Thursday, March 15th, 2007

50+ Lambrettas

This weekend was the 3rd Annual all Lambretta ride here in the Bay Area. Local Lambretta enthusiast and guru John Quintos created the ride as way for Lambretta owners to get together to share their love for Lambrettas, exchange information, ideas, tuning tips, and just to meet each other. Instead of creating an exclusive club, like many marque-specific groups do, Quintos wanted to keep it really informal, that’s why he calls it the LALO-Loose Association of Lambretta Owners-ride. It’s really not a club at all, it’s just a group of people who meet up every once in awhile to ride their Lambrettas and hang out, no more no less.

As is the case with most events I had a fair amount of prep to do to my Lambretta before I could ride it. The scooter needed a new clutch, some sort of custom air filter for the bigger aftermarket carburetor I am running, and an uprated rear shock/spring so I could ride two-up (my girlfriend on the back). Once I got the clutch parts it was a relatively straight forward job, but the air cleaner and shock required a little fabrication. For the air cleaner I took an old Weiand air filter that used to be on my MGB and modified it so that it could clamp onto my scooter’s carb. I really like this setup because it provides plenty of air flow but has a nice vintage look (since it came off of a 60’s British car).
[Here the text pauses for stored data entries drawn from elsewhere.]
lemma finite_rank_union_rectangles:
  assumes "finite F"
  shows "finite_rank (\<lambda>A B. \<exists>d\<in>F. g d A \<and> h d B)"
proof -
  have "range (\<lambda>A B. \<exists>d\<in>F. g d A \<and> h d B) \<subseteq> (\<lambda>D B. \<exists>d\<in>D. h d B) ` Pow F"
  proof
    fix c assume "c \<in> range (\<lambda>A B. \<exists>d\<in>F. g d A \<and> h d B)"
    then obtain A where "c = (\<lambda>B. \<exists>d\<in>F. g d A \<and> h d B)" by blast
    then have "c = (\<lambda>B. \<exists>d\<in>{d\<in>F. g d A}. h d B)" by auto
    then show "c \<in> (\<lambda>D B. \<exists>d\<in>D. h d B) ` Pow F" by blast
  qed
  then show ?thesis
    using assms unfolding finite_rank_def by (meson finite_Pow_iff finite_imageI finite_subset)
qed

lemma inj_graph_not_finite_rank:
  assumes "inj f" "infinite (UNIV :: 'a set)"
  shows "\<not> finite_rank (\<lambda>(a :: 'a) b. b = f a)"
proof
  assume "finite_rank (\<lambda>a b. b = f a)"
  moreover have "inj (\<lambda>a b. b = f a)"
    using assms(1) by (auto intro!: injI dest: fun_cong[where x = "f _"] simp: inj_eq)
  ultimately show False
    using assms(2) unfolding finite_rank_def by (blast dest: finite_imageD)
qed

section \<open>Equations between words split into left and right pieces\<close>

definition infix_closed :: "'a list set \<Rightarrow> bool" where
  "infix_closed A \<longleftrightarrow> (\<forall>x\<in>A. \<forall>y. sublist y x \<longrightarrow> y \<in> A)"

lemma infix_closedD: "infix_closed A \<Longrightarrow> x \<in> A \<Longrightarrow> x = p @ y @ s \<Longrightarrow> y \<in> A"
  unfolding infix_closed_def by blast

lemma append_eq_append4_cases:
  assumes "L1 @ R1 = L2 @ R2 @ L3 @ R3"
  obtains D where "L2 = L1 @ D" "R1 = D @ R2 @ L3 @ R3"
  | D E where "L1 = L2 @ D" "R2 = D @ E" "R1 = E @ L3 @ R3"
  | D E where "L1 = L2 @ R2 @ D" "L3 = D @ E" "R1 = E @ R3"
  | D where "L1 = L2 @ R2 @ L3 @ D" "R3 = D @ R1"
  using assms by (fastforce simp: append_eq_append_conv2)

lemma append_eq_append4_iff:
  assumes A: "infix_closed A" and B: "infix_closed B"
    and L: "L1 \<in> A" "L2 \<in> A" "L3 \<in> A" and R: "R1 \<in> B" "R2 \<in> B" "R3 \<in> B"
  shows "L1 @ R1 = L2 @ R2 @ L3 @ R3 \<longleftrightarrow>
    (\<exists>(D, E) \<in> (A \<inter> B) \<times> (A \<inter> B). L2 = L1 @ D \<and> L3 = E \<and> R1 = D @ R2 @ E @ R3) \<or>
    (\<exists>(D, E) \<in> (A \<inter> B) \<times> (A \<inter> B). L1 = L2 @ D \<and> L3 = E \<and> (\<exists>E'. R2 = D @ E' \<and> R1 = E' @ E @ R3)) \<or>
    (\<exists>(D, E) \<in> (A \<inter> B) \<times> (A \<inter> B). (\<exists>D'. L1 = L2 @ D @ D' \<and> L3 = D' @ E) \<and> R2 = D \<and> R1 = E @ R3) \<or>
    (\<exists>(D, E) \<in> (A \<inter> B) \<times> (A \<inter> B). L1 = L2 @ D @ L3 @ E \<and> R2 = D \<and> R3 = E @ R1)"
    (is "_ \<longleftrightarrow> ?cases")
proof
  assume "L1 @ R1 = L2 @ R2 @ L3 @ R3"
  then show ?cases
  proof (cases rule: append_eq_append4_cases)
    case (1 D)
    then have "(D, L3) \<in> (A \<inter> B) \<times> (A \<inter> B)"
      using L R infix_closedD[OF A L(2), of L1 D "[]"] infix_closedD[OF B R(1), of "[]" D]
        infix_closedD[OF B R(1), of "D @ R2" L3 R3] by simp
    then show ?thesis using 1 by blast
  next
    case (2 D E)
    then have "(D, L3) \<in> (A \<inter> B) \<times> (A \<inter> B)"
      using L R infix_closedD[OF A L(1), of L2 D "[]"] infix_closedD[OF B R(2), of "[]" D]
        infix_closedD[OF B R(1), of E L3 R3] by simp
    then show ?thesis using 2 by blast
  next
    case (3 D E)
    then have "(R2, E) \<in> (A \<inter> B) \<times> (A \<inter> B)"
      using L R infix_closedD[OF A L(1), of L2 R2 D] infix_closedD[OF A L(3), of D E "[]"]
        infix_closedD[OF B R(1), of "[]" E] by simp
    then show ?thesis using 3 by blast
  next
    case (4 D)
    then have "(R2, D) \<in> (A \<inter> B) \<times> (A \<inter> B)"
      using L R infix_closedD[OF A L(1), of L2 R2 "L3 @ D"]
        infix_closedD[OF A L(1), of "L2 @ R2 @ L3" D "[]"] infix_closedD[OF B R(3), of "[]" D]
      by simp
    then show ?thesis using 4 by blast
  qed
next
  assume ?cases
  then show "L1 @ R1 = L2 @ R2 @ L3 @ R3"
    by auto
qed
R1 shock conversion, installed on the scoot

For the shock I decide to try out a conversion that has been gaining popularity in the Lambretta community. Step one is to get a remote reservoir rear shock from a Yamaha R1 or R6 sport bike. Because the spring in this unit is setup for the much heavier bike you need to order and fit a lower ratio spring. I went with a 215 lb spring of the same height and size as the stock Yamaha spring (which is closer to 500 lbs). There is also the matter of having custom bushings made to fit the Lambretta’s shock mount. Being the cheap guy that I am, I also decide to make a spring compressor instead of buying one. I used an old car scissor jack, cut it up into pieces and welded it back together so that it could compress the new Lambretta spring and let me put it onto the new shock. Making the compressor ended up being the most time consuming part, but now I have a custom tool that works great for the job.

Vintage Weiand air cleaner from my MGB

With the new shock fitted, a new air cleaner attached and a new clutch installed (the night before the ride no less), we assembled a group of five scooters over in the east bay, loaded them into pickups and trucked across the Bay Bridge to San Francisco. The ride started on the water front where over 50 Lambretta’s gathered at the beginning. In a massive cloud of two-stroke smoke we raced all over the city, crossed the Golden Gate Bridge and rode through the headlands than back into the city to the final destination, the bar/club at 330 Ritch. After a beautiful ride with some amazing weather, and no break downs for me, we kicked back and enjoyed free pizza and a few beers.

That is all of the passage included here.